- Battle of Dawan Cheng: Part of the Soviet Invasion of Xinjiang
| Date | 1934 |
| Location | Dawan Cheng, Xinjiang |
| Result | Chinese tactical victory Chinese withdrawal; Soviet column destroyed; |

Belligerents
- China: Soviet Union White Russian forces

Commanders and leaders
- Gen. Ma Zhongying: Gen. Volgin Gen. Bekteev

Strength
- Hundreds of soldiers: Dozens of armored cars and hundreds of soldiers

Casualties and losses
- Unknown: Heavy, entire column nearly wiped out

= Battle of Dawan Cheng =

1934 battle of the Soviet invasion of Xinjiang

The Battle of Dawan Cheng (達坂城之戰) of 1934 occurred when Gen. Ma Zhongying's Chinese Muslim New 36th Division encountered a Soviet Russian Army armoured car column.
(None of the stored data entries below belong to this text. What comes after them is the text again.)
(* The weighted chromatic polynomial, viewed as an invariant of simple graphs (every vertex assigned weight $1$), is a $4$-invariant: for every simple graph $G$ and every pair of distinct vertices $a,b$ of $G$, $$W_G-W_{G'_{ab}}=W_{\widetilde G_{ab}}-W_{\widetilde G'_{ab}}.$$
   Context: A weighted graph is a simple graph with a positive integer weight assigned to each vertex. The weighted chromatic polynomial $W_G\in\mathbb{C}[q_1,q_2,\dots]$ is the unique weighted graph invariant such that: (i) the graph with one vertex of weight $n$ has $W=q_n$; (ii) $W_{G_1\sqcup G_2}=W_{G_1}W_{G_2}$ for disjoint unions; (iii) $W_G=W_{G'_e}+W_{G''_e}$ for every edge $e$, where $G'_e$ is $G$ with $e$ deleted and $G''_e$ is $G$ with $e$ contracted (the two ends of $e$ merge into one vertex whose weight is the sum of their weights, and multiple edges arising are replaced by single edges). A simple graph is regarded as a weighted graph with all weights equal to $1$. For a simple graph $G$ and vertices $a,b$: $G'_{ab}$ is obtained from $G$ by switching adjacency between $a$ and $b$ (adding the edge $ab$ if absent, removing it if present); $\widetilde G_{ab}$ is obtained from $G$ by switching the adjacency between $a$ and each vertex $v\ne a$ of $G$ adjacent to $b$; $\widetilde G'_{ab}$ is obtained by composing these two operations. *)

theory Defs
  imports Complex_Main "HOL-Library.Poly_Mapping"
begin

text \<open>The polynomial ring C[q_1,q_2,...]: finitely supported coefficient functions on
  monomials, a monomial being a finitely supported exponent vector (nat to nat).\<close>
type_synonym wpoly = "(nat \<Rightarrow>\<^sub>0 nat) \<Rightarrow>\<^sub>0 complex"

definition qvar :: "nat \<Rightarrow> wpoly" where
  "qvar n = Poly_Mapping.single (Poly_Mapping.single n 1) 1"

text \<open>A weighted graph also has a weight function w, positive on V
  (values outside V are irrelevant).\<close>
definition simple_graph :: "nat set \<Rightarrow> nat set set \<Rightarrow> bool" where
  "simple_graph V E \<longleftrightarrow> finite V \<and>
     (\<forall>e\<in>E. \<exists>x y. e = {x, y} \<and> x \<noteq> y \<and> x \<in> V \<and> y \<in> V)"

definition weighted_graph :: "nat set \<Rightarrow> nat set set \<Rightarrow> (nat \<Rightarrow> nat) \<Rightarrow> bool" where
  "weighted_graph V E w \<longleftrightarrow> simple_graph V E \<and> (\<forall>v\<in>V. 0 < w v)"

definition wg_iso :: "nat set \<Rightarrow> nat set set \<Rightarrow> (nat \<Rightarrow> nat) \<Rightarrow>
                      nat set \<Rightarrow> nat set set \<Rightarrow> (nat \<Rightarrow> nat) \<Rightarrow> bool" where
  "wg_iso V1 E1 w1 V2 E2 w2 \<longleftrightarrow> (\<exists>f. bij_betw f V1 V2 \<and>
     (\<forall>x\<in>V1. \<forall>y\<in>V1. {x, y} \<in> E1 \<longleftrightarrow> {f x, f y} \<in> E2) \<and>
     (\<forall>x\<in>V1. w2 (f x) = w1 x))"

text \<open>Contraction of the edge {a,b}: vertex b is merged into vertex a, which receives
  weight w a + w b; multiple edges are replaced by single edges (automatic for sets).\<close>
definition contract_edges :: "nat set set \<Rightarrow> nat \<Rightarrow> nat \<Rightarrow> nat set set" where
  "contract_edges E a b = {e \<in> E. b \<notin> e} \<union> {{a, u} | u. {b, u} \<in> E \<and> u \<noteq> a}"

definition contract_weight :: "(nat \<Rightarrow> nat) \<Rightarrow> nat \<Rightarrow> nat \<Rightarrow> (nat \<Rightarrow> nat)" where
  "contract_weight w a b = w(a := w a + w b)"

text \<open>The defining properties of the weighted chromatic polynomial W, viewed as a function
  F V E w of weighted graphs (on vertex sets of naturals): invariance under isomorphism,
  (i) one-vertex graphs, (ii) multiplicativity on disjoint unions, (iii) deletion-contraction.\<close>
definition is_weighted_chromatic ::
    "(nat set \<Rightarrow> nat set set \<Rightarrow> (nat \<Rightarrow> nat) \<Rightarrow> wpoly) \<Rightarrow> bool" where
  "is_weighted_chromatic F \<longleftrightarrow>
     (\<forall>V1 E1 w1 V2 E2 w2. weighted_graph V1 E1 w1 \<longrightarrow> weighted_graph V2 E2 w2 \<longrightarrow>
        wg_iso V1 E1 w1 V2 E2 w2 \<longrightarrow> F V1 E1 w1 = F V2 E2 w2) \<and>
     (\<forall>v w. 0 < w v \<longrightarrow> F {v} {} w = qvar (w v)) \<and>
     (\<forall>V1 E1 w1 V2 E2 w2. weighted_graph V1 E1 w1 \<longrightarrow> weighted_graph V2 E2 w2 \<longrightarrow>
        V1 \<inter> V2 = {} \<longrightarrow>
        F (V1 \<union> V2) (E1 \<union> E2) (\<lambda>x. if x \<in> V1 then w1 x else w2 x) = F V1 E1 w1 * F V2 E2 w2) \<and>
     (\<forall>V E w a b. weighted_graph V E w \<longrightarrow> {a, b} \<in> E \<longrightarrow>
        F V E w = F V (E - {{a, b}}) w + F (V - {b}) (contract_edges E a b) (contract_weight w a b))"

definition switch_ab :: "nat set set \<Rightarrow> nat \<Rightarrow> nat \<Rightarrow> nat set set" where
  "switch_ab E a b = (if {a, b} \<in> E then E - {{a, b}} else insert {a, b} E)"

definition tilde_ab :: "nat set set \<Rightarrow> nat \<Rightarrow> nat \<Rightarrow> nat set set" where
  "tilde_ab E a b = (let T = {{a, v} | v. v \<noteq> a \<and> {b, v} \<in> E} in (E - T) \<union> (T - E))"

definition tilde'_ab :: "nat set set \<Rightarrow> nat \<Rightarrow> nat \<Rightarrow> nat set set" where
  "tilde'_ab E a b = switch_ab (tilde_ab E a b) a b"

abbreviation unit_weight :: "nat \<Rightarrow> nat" where
  "unit_weight \<equiv> (\<lambda>_. 1)"

end

theory Submission
  imports Defs
begin

text \<open>Deletion-contraction at the pair \<open>ab\<close> shows that \<open>W G - W G'\<close> is plus or minus the
  weighted chromatic polynomial of the graph obtained from \<open>G\<close> by merging \<open>b\<close> into \<open>a\<close>,
  with sign plus iff \<open>ab\<close> is an edge of \<open>G\<close>. Passing from \<open>G\<close> to \<open>G~\<close> changes neither
  whether \<open>ab\<close> is an edge nor this merged graph: the switched pairs join \<open>a\<close> to
  neighbours of \<open>b\<close>, which become adjacent to the merged vertex anyway.\<close>

lemma mem_tilde_ab_iff:
  "e \<in> tilde_ab E a b \<longleftrightarrow> (e \<in> E \<longleftrightarrow> \<not> (\<exists>v. e = {a, v} \<and> v \<noteq> a \<and> {b, v} \<in> E))"
  unfolding tilde_ab_def Let_def by blast

lemma edge_ab_in_tilde_ab_iff:
  assumes "a \<noteq> b" and "{b} \<notin> E"
  shows "{a, b} \<in> tilde_ab E a b \<longleftrightarrow> {a, b} \<in> E"
  using assms by (auto simp: mem_tilde_ab_iff doubleton_eq_iff)

lemma contract_edges_insert_ab:
  assumes "a \<noteq> b"
  shows "contract_edges (insert {a, b} E) a b = contract_edges E a b"
  using assms unfolding contract_edges_def by (auto simp: doubleton_eq_iff)

lemma contract_edges_tilde_ab:
  assumes "a \<noteq> b"
  shows "contract_edges (tilde_ab E a b) a b = contract_edges E a b"
proof -
  have "{b, u} \<in> tilde_ab E a b \<longleftrightarrow> {b, u} \<in> E" if "u \<noteq> a" for u
    using assms that by (auto simp: mem_tilde_ab_iff doubleton_eq_iff)
  moreover have "e \<in> tilde_ab E a b \<longleftrightarrow> e \<in> E"
    if "b \<notin> e" and "\<nexists>u. e = {a, u} \<and> {b, u} \<in> E \<and> u \<noteq> a" for e
    using that by (auto simp: mem_tilde_ab_iff)
  ultimately show ?thesis
    unfolding contract_edges_def by blast
qed

lemma simple_graph_no_loop: "simple_graph V E \<Longrightarrow> {v} \<notin> E"
  unfolding simple_graph_def by (auto simp: doubleton_eq_iff)

lemma simple_graph_insert_edge:
  assumes "simple_graph V E" and "a \<in> V" and "b \<in> V" and "a \<noteq> b"
  shows "simple_graph V (insert {a, b} E)"
  using assms unfolding simple_graph_def by auto

lemma simple_graph_tilde_ab:
  assumes "simple_graph V E" and "a \<in> V"
  shows "simple_graph V (tilde_ab E a b)"
  unfolding simple_graph_def
proof (intro conjI ballI)
  show "finite V"
    using assms(1) unfolding simple_graph_def by simp
next
  fix e
  assume e: "e \<in> tilde_ab E a b"
  show "\<exists>x y. e = {x, y} \<and> x \<noteq> y \<and> x \<in> V \<and> y \<in> V"
  proof (cases "e \<in> E")
    case True
    then show ?thesis
      using assms(1) unfolding simple_graph_def by blast
  next
    case False
    then obtain v where v: "e = {a, v}" "v \<noteq> a" "{b, v} \<in> E"
      using e mem_tilde_ab_iff by blast
    from v(3) assms(1) have "v \<in> V"
      unfolding simple_graph_def by (auto simp: doubleton_eq_iff)
    then show ?thesis
      using v assms(2) by blast
  qed
qed

lemma weighted_chromatic_deletion_contraction:
  assumes "is_weighted_chromatic W" and "weighted_graph V E w" and "{a, b} \<in> E"
  shows "W V E w = W V (E - {{a, b}}) w + W (V - {b}) (contract_edges E a b) (contract_weight w a b)"
  using assms(1) unfolding is_weighted_chromatic_def using assms(2,3) by simp

lemma weighted_chromatic_diff_switch_ab:
  assumes W: "is_weighted_chromatic W"
    and G: "weighted_graph V E w" and "a \<in> V" and "b \<in> V" and "a \<noteq> b"
  defines "C \<equiv> W (V - {b}) (contract_edges E a b) (contract_weight w a b)"
  shows "W V E w - W V (switch_ab E a b) w = (if {a, b} \<in> E then C else - C)"
proof -
  have "weighted_graph V (insert {a, b} E) w"
    using G assms(3-5) simple_graph_insert_edge unfolding weighted_graph_def by blast
  from weighted_chromatic_deletion_contraction[OF W this insertI1]
  have "W V (insert {a, b} E) w = W V (E - {{a, b}}) w + C"
    unfolding C_def contract_edges_insert_ab[OF assms(5)] by simp
  then show ?thesis
    unfolding switch_ab_def by (auto simp: insert_absorb)
qed

theorem mainTheorem1:
  fixes W :: "nat set \<Rightarrow> nat set set \<Rightarrow> (nat \<Rightarrow> nat) \<Rightarrow> wpoly"
    and V :: "nat set" and E :: "nat set set" and a b :: nat
  assumes "is_weighted_chromatic W"
    and "simple_graph V E"
    and "a \<in> V" and "b \<in> V" and "a \<noteq> b"
  shows "W V E unit_weight - W V (switch_ab E a b) unit_weight
       = W V (tilde_ab E a b) unit_weight - W V (tilde'_ab E a b) unit_weight"
proof -
  have G: "weighted_graph V E unit_weight"
    using assms(2) unfolding weighted_graph_def by simp
  have G': "weighted_graph V (tilde_ab E a b) unit_weight"
    using simple_graph_tilde_ab[OF assms(2,3)] unfolding weighted_graph_def by simp
  have same_edge: "{a, b} \<in> tilde_ab E a b \<longleftrightarrow> {a, b} \<in> E"
    using edge_ab_in_tilde_ab_iff[OF assms(5) simple_graph_no_loop[OF assms(2)]] .
  show ?thesis
    using weighted_chromatic_diff_switch_ab[OF assms(1) G assms(3-5)]
      weighted_chromatic_diff_switch_ab[OF assms(1) G' assms(3-5)]
    unfolding tilde'_ab_def contract_edges_tilde_ab[OF assms(5)] same_edge by simp
qed

end
lemma hahn_set_maximizes_diff:
  assumes P: "finite_measure P" "sets P = sets M" and R: "finite_measure R" "sets R = sets M"
    and "hahn_set M P R H" "B \<in> sets M"
  shows "measure R B - measure P B \<le> measure R H - measure P H"
proof -
  have H: "H \<in> sets M" using assms(5) by (simp add: hahn_set_def)
  have "B - H \<in> sets M" "(B - H) \<inter> H = {}" "H - B \<in> sets M" "H - B \<subseteq> H"
    using H assms(6) by auto
  with assms(5) have "measure R (B - H) \<le> measure P (B - H)" "measure P (H - B) \<le> measure R (H - B)"
    by (simp_all add: hahn_set_def)
  moreover have "B \<inter> H = H \<inter> B" by blast
  ultimately show ?thesis
    using finite_measure_split[of P B H] finite_measure_split[of R B H]
      finite_measure_split[of P H B] finite_measure_split[of R H B] P R H assms(6)
    by simp
qed

section \<open>The optimal discriminator\<close>

definition disc_loss :: "'a measure \<Rightarrow> 'a measure \<Rightarrow> real \<Rightarrow> ('a \<Rightarrow> real) \<Rightarrow> ennreal" where
  "disc_loss P R a D = (\<integral>\<^sup>+ x. ennreal (D x) \<partial>P) + (\<integral>\<^sup>+ x. ennreal (max 0 (a - D x)) \<partial>R)"

lemma hinge_lower_bound:
  fixes p r :: ennreal and a d :: real
  assumes "0 \<le> d"
  shows "ennreal a * min p r \<le> ennreal d * p + ennreal (max 0 (a - d)) * r"
proof -
  have "ennreal a \<le> ennreal (d + max 0 (a - d))" by (intro ennreal_leI) linarith
  then have "ennreal a * min p r \<le> (ennreal d + ennreal (max 0 (a - d))) * min p r"
    using assms by (intro mult_right_mono) (simp_all add: ennreal_plus)
  also have "\<dots> \<le> ennreal d * p + ennreal (max 0 (a - d)) * r"
    by (simp add: distrib_right add_mono mult_left_mono)
  finally show ?thesis .
qed
(* Let $\mathcal{T}$ be a $\operatorname{Hom}$-finite Krull–Schmidt triangulated category over an algebraically closed field and $\mathcal{I}$ an ideal. Every $\mathcal{I}$-source map is left $\mathcal{I}$-irreducible, and every $\mathcal{I}$-sink map is right $\mathcal{I}$-irreducible.
   Context: Composition of $h_1:X\to U$, $h_2:U\to Y$ is $h_2h_1$. An ideal: subgroups $\mathcal{I}(X,Y)\subseteq\operatorname{Hom}(X,Y)$ closed under composition. An $\mathcal{I}$-source map of $X$ is a morphism $f:X\to M$ in $\mathcal{I}$ such that every morphism of $\mathcal{I}$ starting at $X$ factors through $f$, and which is left minimal ($gf=f$ implies $g$ invertible); $\mathcal{I}$-sink maps are dual (right minimal right $\mathcal{I}$-approximations). A morphism $h$ is left $\mathcal{I}$-irreducible if $h\in\mathcal{I}$ and for every factorization $h=h_2h_1$ with $h_1\in\mathcal{I}$, $h_2$ is a split epimorphism; it is right $\mathcal{I}$-irreducible if $h\in\mathcal{I}$ and for every factorization $h=h_2h_1$ with $h_2\in\mathcal{I}$, $h_1$ is a split monomorphism. *)

theory Defs
  imports "HOL-Computational_Algebra.Polynomial"
begin

text \<open>A (small) category is encoded by a type of objects 'o, a type of morphisms 'm
  (every element of 'm is a morphism, with domain Dom and codomain Cod), composition
  Comp g f (= g after f, meaningful when Cod f = Dom g) and identities.  A triangulated
  structure consists of the shift (ShO on objects, ShM on morphisms) and the class Tri
  of distinguished triangles (X,Y,Z,u,v,w) with u:X->Y, v:Y->Z, w:Z->Sigma X.\<close>

record ('o, 'm, 'k) tcat =
  Dom :: "'m \<Rightarrow> 'o"
  Cod :: "'m \<Rightarrow> 'o"
  Comp :: "'m \<Rightarrow> 'm \<Rightarrow> 'm"
  Ident :: "'o \<Rightarrow> 'm"
  Add :: "'m \<Rightarrow> 'm \<Rightarrow> 'm"
  Zero :: "'o \<Rightarrow> 'o \<Rightarrow> 'm"
  Smult :: "'k \<Rightarrow> 'm \<Rightarrow> 'm"
  ShO :: "'o \<Rightarrow> 'o"
  ShM :: "'m \<Rightarrow> 'm"
  Tri :: "('o \<times> 'o \<times> 'o \<times> 'm \<times> 'm \<times> 'm) set"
The New 36th Division was withdrawing, chased by White Russian and Mongol troops and Chinese forces allied with them. The New 36th Division wiped out nearly the entire column, after engaging the Russians in fierce, sometimes hand-to-hand combat, and knocked the wrecked Russian armored cars down the mountain. When a White Russian force showed up, Ma Zhongying withdrew.